Visualized! Intro to 7 Sorting Algorithms and their complexity analysis

After we introduced Graph Algorithm: Topological Sort, let’s now take a time to learn some more general and commonly used sorting algorithms! Actually, if you take a look at Introduction to Algorithms, you will find that sorting is the first algorithm you will learn! Time complexities of them will be appended at the end.

Here is the list of sorting algorithms that will be explained:

  • Selection Sort
  • Insertion Sort
  • Bucket Sort
  • Bubble Sort
  • Mergesort
  • Quicksort
  • Heapsort

Selection Sort

It selects the smallest item in the unsorted part of the array, and swap it with the item in the position that is to be filled.

arr = [3,1,12,1,14,2,13]
for i in range(len(arr)):
	min = i
	for j in range(i+1,len(arr)):
		if arr[j] < arr[min]:
			min = j
	arr[i],arr[min] = arr[min],arr[i]

Insertion Sort

It selects one item from the unsorted part of the array at a time and inserts it to the correct place in the sorted part. In the Python code below, it uses a for loop to loop through the item that is being inserted, and uses a while loop inside of it to find the correct place for the inserting item, during which items in the sorted part will be swapped if necessary.

arr = [3,1,12,1,14,2,13]
for i in range(len(arr)):
    j = i-1
    while j > -1 and arr[j] > arr[j+1]:
        arr[j],arr[j+1] = arr[j+1],arr[j]
        j -= 1

Bucket Sort

It first creates an array bucket with its length equals to the largest value of the input array. Then it goes through the input array and for each element with the value of val, it marked as bucket[val]+=1. Finally, it loops through the bucket and prints the index for val times. Here bucket is literally a bucket to store items with corresponding values. bucket[i]>0 means there are bucket[i] items with value of i.

arr = [3,1,12,1,14,2,13]
bucket = [0] * (max(arr)+1)
for ele in arr:
    bucket[ele] += 1

ret = []
for i,val in enumerate(bucket):
    if val > 0:
        ret += [i] * val

Bubble Sort

It keeps comparing adjacent items, and swap them if necessary. To put it another way, each time it would ‘bubble’ the largest item to the top.

arr=[3,1,12,1,14,2,13]
for i in range(len(arr)-1,-1,-1):
    for j in range(0,i):
        if arr[j] > arr[j+1]:
            arr[j],arr[j+1] = arr[j+1],arr[j]

Mergesort

Mergesort is a typical showcase of divide-and-conquer strategy. It first divides the input into two parts, sorts them individually, and then merge them. To sort the subarray, it divides them again until there’s only one element in it, which could be returned directly.

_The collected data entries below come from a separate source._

lemma grid_sum_lap_h_lap_h_increment:
  assumes a: "periodic_grid M a" and b: "periodic_grid M b"
  shows "grid_sum M (\<lambda>i j. lap_h h (lap_h h a) i j * (a i j - b i j))
       = (grid_sum M (\<lambda>i j. (lap_h h a i j)\<^sup>2) - grid_sum M (\<lambda>i j. (lap_h h b i j)\<^sup>2)
          + grid_sum M (\<lambda>i j. (lap_h h (\<lambda>i j. a i j - b i j) i j)\<^sup>2)) / 2"
proof -
  have "grid_sum M (\<lambda>i j. lap_h h (lap_h h a) i j * (a i j - b i j))
      = grid_sum M (\<lambda>i j. lap_h h a i j * lap_h h (\<lambda>i j. a i j - b i j) i j)"
    by (rule grid_sum_lap_h_mult_commute[OF periodic_grid_lap_h[OF a] periodic_grid_map2[OF a b]])
  also have "\<dots> = grid_sum M (\<lambda>i j. ((lap_h h a i j)\<^sup>2 - (lap_h h b i j)\<^sup>2
                                  + (lap_h h (\<lambda>i j. a i j - b i j) i j)\<^sup>2) / 2)"
    by (intro arg_cong[where f = "grid_sum M"] ext)
      (simp add: lap_h_diff power2_eq_square field_simps)
  finally show ?thesis
    by (simp add: grid_sum_add grid_sum_diff grid_sum_divide)
qed

lemma grid_sum_div_f_grad_h_increment:
  assumes a: "periodic_grid M a" and b: "periodic_grid M b"
  shows "- grid_sum M (\<lambda>i j. div_f_grad_h h a i j * (a i j - b i j))
       \<ge> grid_sum M (\<lambda>i j. ((Dcx h a i j)\<^sup>2 + (Dcy h a i j)\<^sup>2 - 1)\<^sup>2) / 4
         - grid_sum M (\<lambda>i j. ((Dcx h b i j)\<^sup>2 + (Dcy h b i j)\<^sup>2 - 1)\<^sup>2) / 4
         - (grid_sum M (\<lambda>i j. (Dcx h (\<lambda>i j. a i j - b i j) i j)\<^sup>2)
            + grid_sum M (\<lambda>i j. (Dcy h (\<lambda>i j. a i j - b i j) i j)\<^sup>2)) / 2"
proof -
  define w where "w = (\<lambda>i j. a i j - b i j)"
  define g1 where "g1 = (\<lambda>i j. ((Dcx h a i j)\<^sup>2 + (Dcy h a i j)\<^sup>2 - 1) * Dcx h a i j)"
  define g2 where "g2 = (\<lambda>i j. ((Dcx h a i j)\<^sup>2 + (Dcy h a i j)\<^sup>2 - 1) * Dcy h a i j)"
  have w: "periodic_grid M w"
    unfolding w_def by (rule periodic_grid_map2[OF a b])
  have g1: "periodic_grid M g1" and g2: "periodic_grid M g2"
    unfolding g1_def g2_def
    by (rule periodic_grid_map2[OF periodic_grid_Dcx[OF a] periodic_grid_Dcy[OF a]])+
  have "- grid_sum M (\<lambda>i j. div_f_grad_h h a i j * w i j)
      = - grid_sum M (\<lambda>i j. Dcx h g1 i j * w i j) - grid_sum M (\<lambda>i j. Dcy h g2 i j * w i j)"
    by (simp add: div_f_grad_h_def g1_def g2_def distrib_right grid_sum_add)
  also have "\<dots> = grid_sum M (\<lambda>i j. g1 i j * Dcx h w i j + g2 i j * Dcy h w i j)"
    by (simp add: grid_sum_Dcx_mult[OF g1 w] grid_sum_Dcy_mult[OF g2 w] grid_sum_add)
  also have "\<dots> \<ge> grid_sum M (\<lambda>i j. ((Dcx h a i j)\<^sup>2 + (Dcy h a i j)\<^sup>2 - 1)\<^sup>2 / 4
                     - ((Dcx h b i j)\<^sup>2 + (Dcy h b i j)\<^sup>2 - 1)\<^sup>2 / 4
                     - ((Dcx h w i j)\<^sup>2 + (Dcy h w i j)\<^sup>2) / 2)"
    unfolding w_def g1_def g2_def Dcx_diff Dcy_diff
    by (intro grid_sum_mono double_well_increment_bound)
  finally show ?thesis
    unfolding w_def by (simp add: grid_sum_add grid_sum_diff grid_sum_divide)
qed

For the merge process, given that the two subarrays are sorted, we could simply compare the first items of each array and pick up the smallest. A more detailed diagram is shown below:

arr = [3,1,12,1,14,2,13]
def mergesort(low=0,high=len(arr)-1):
    if low == high:
        return [arr[low]]
    else:
        mid = (low+high) // 2
        left = mergesort(low,mid)
        right = mergesort(mid+1,high)
        return merge(left,right)

def merge(l1,l2):
    """Summary
    This function merges two sorted arrays
    Args:
        l1 (int): The first sorted array
        l2 (int): The second sorted array
    
    Returns:
        list: Merged array
    """
    i = j = 0
    ret = []
    while i < len(l1) and j < len(l2):
        if l1[i] < l2[j]:
            ret.append(l1[i])
            i += 1
        else:
            ret.append(l2[j])
            j += 1
    if i < len(l1):
        ret += l1[i:]
    if j < len(l2):
        ret += l2[j:]
    return ret

mergesort()

Quicksort

Quicksort

It is another way of divide-and-conquer sorting algorithms. Each time it picks an item as pivot and partitions the array so that smaller items appear to its left and all larger items are on its right by swapping. Then it continuously sorts the left and right subarrays in the same way.

arr = [3,1,12,1,14,2,13]
def partition(low,high):
    """Summary
    This function partitions array[low:high+1] so that items 
    on pivot's left will be smaller than it, items on its right 
    will be larger than it.
    Args:
        low (int): Left boundary of the array to be partitioned
        high (int): Right boundary of the array to be partitioned
    
    Returns:
        int: The index of pivot
    """
    pivot = low
    low += 1
    while low < high:
        while low <= high and arr[low]<=arr[pivot]:
            low += 1
        while low <= high and arr[high] >= arr[pivot]:
            high -= 1
        if low < high:
            arr[low],arr[high] = arr[high],arr[low]
    arr[pivot],arr[high] = arr[high],arr[pivot]
    return high

def quicksort(low=0,high=len(arr)-1):
    if low < high:
        p = partition(low,high)
        quicksort(low,p-1)
        quicksort(p+1,high)

quicksort()

Heapsort

A max heap

What is a heap? A binary heap is a complete binary tree where parent nodes are always smaller or larger than their children. The former one is known as Min Heap and the latter one is known as Max Heap. Notably, a complete binary tree is a binary tree where each level is completely filled except the last level, and all nodes in the last level are as far left as possible (Wikipedia).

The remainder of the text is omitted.